Kenworth’s T270 and T370 Kenworth chassis will be offered with a narrower battery box and aft-of axle fuel tank mounted between the frame rails, the company announced.  The goal of the two introductions is to simplify truck body installations.

The enhancements are part of a focused medium-duty body builder expansion program that opens up more frame packaging options for medium duty customers with complex body installations such as utilities, fire and street maintenance departments, towing operators and hydronic service providers.

“By choosing these two new options together, special application customers and their body builders will find it much easier to install custom bodies, equipment and apparatus on the Class 6 Kenworth T270 chassis and the Class 7 Kenworth T370 chassis,” said Kurt Swihart, Kenworth marketing director. “The new frame packaging options could also reduce the amount of custom work body builders have to do, resulting in a potential reduction in the cost of installation.”

The new battery box, which is six inches narrower than the standard box, frees up space on the left-hand side for body installations and for a small DEF tank to be mounted under the cab.

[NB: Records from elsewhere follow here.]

(* Let $K$ be an algebraically closed field of characteristic zero, $\mathcal{K}=K(t)$, $\phi_2(z) := \frac{(t+1)(z-1)}{z+t}$, and let $\alpha \in \mathcal{K}$ satisfy condition $( * )$. Then (A) $\phi_2(\alpha)$ also satisfies $( * )$, and (B) $h(\phi_2(\alpha)) = h(\alpha)+1$.
   Context: Condition $( * )$ on $\beta\in\mathcal{K}$: (i) $\beta$ vanishes at $\mathfrak{p}_{-1}$; (ii) $\beta^2-\beta+t+1$ vanishes at $\mathfrak{p}_{-1}$, and possibly at $\mathfrak{p}_{-3/4}$, but at no other place of $\mathcal{K}$; (iii) if $\beta^2-\beta+t+1$ vanishes at $\mathfrak{p}_{-3/4}$, then $\beta - 1/2$ also vanishes at $\mathfrak{p}_{-3/4}$. Here places of $\mathcal{K}$ are those trivial on $K$, $\mathfrak{p}_c$ is the place at $t=c$, and vanishing means positive valuation. The height $h$ of an element of $K(t)$ is its degree as a rational function in $t$. *)

theory Defs
  imports "HOL-Computational_Algebra.Computational_Algebra"
          "HOL-Computational_Algebra.Normalized_Fraction"
begin

type_synonym 'a ratfun = "'a poly fract"

definition tvar :: "'a::field ratfun" where
  "tvar = to_fract [:0, 1:]"

definition const :: "'a::field \<Rightarrow> 'a ratfun" where
  "const c = to_fract [:c:]"

text \<open>Positive valuation at the finite place t = c (reduced numerator vanishes at c).\<close>
definition vanishes_at :: "'a::field_gcd \<Rightarrow> 'a ratfun \<Rightarrow> bool" where
  "vanishes_at c x = (poly (fst (quot_of_fract x)) c = 0)"

text \<open>Positive valuation at the infinite place.\<close>
definition vanishes_at_inf :: "'a::field_gcd ratfun \<Rightarrow> bool" where
  "vanishes_at_inf x = (x = 0 \<or> degree (fst (quot_of_fract x)) < degree (snd (quot_of_fract x)))"

definition height :: "'a::field_gcd ratfun \<Rightarrow> nat" where
  "height x = max (degree (fst (quot_of_fract x))) (degree (snd (quot_of_fract x)))"

definition cond_star :: "'a::{field_char_0,field_gcd} ratfun \<Rightarrow> bool" where
  "cond_star \<beta> =
     (let \<gamma> = \<beta>^2 - \<beta> + tvar + 1 in
        vanishes_at (-1) \<beta>
      \<and> vanishes_at (-1) \<gamma>
      \<and> (\<forall>c. vanishes_at c \<gamma> \<longrightarrow> c = -1 \<or> c = -3/4)
      \<and> \<not> vanishes_at_inf \<gamma>
      \<and> (vanishes_at (-3/4) \<gamma> \<longrightarrow> vanishes_at (-3/4) (\<beta> - const (1/2))))"

definition phi2 :: "'a::field ratfun \<Rightarrow> 'a ratfun" where
  "phi2 z = (tvar + 1) * (z - 1) / (z + tvar)"

end

theory Submission
  imports Defs
begin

With this option, the air tanks are now located on the back of the cab rather than the standard placement below the battery box.

“Even though the new battery box is narrower, fleets won’t lose any battery capacity on their T270s or T370s,” Swihart said. “The new battery boxes can still accommodate two or three batteries.”

A matching narrow tool box is also available for the right side of the T270 and T370, and can be combined with a fuel tank pulled forward to lessen the effect on the back of the cab. In this case, the DEF tank is mounted behind a right-hand narrow tool box.

The new steel rectangular fuel tanks, mounted between the frame rails behind the rear axle, are available in 45- and 70-gallon capacities.  After review of current customer capacities needed, these two capacities should support all complex body applications, Swihart said. The fuel tanks feature temporary fuel fillers, which body builders can relocate in many different ways to accommodate various bodies and equipment. The tanks can also be equipped with auxiliary supply tubes for customers using generators or other apparatus. Because the tanks are supported by welded steel cross members, they can be used with or without frame inserts.

While the narrower battery box and the rear between-the-frame-rail-mounted fuel tanks can be ordered separately depending on the fleet or truck operator’s needs, Swihart notes they are designed to work in tandem to clear as much frame space as possible to make complex body installations easier.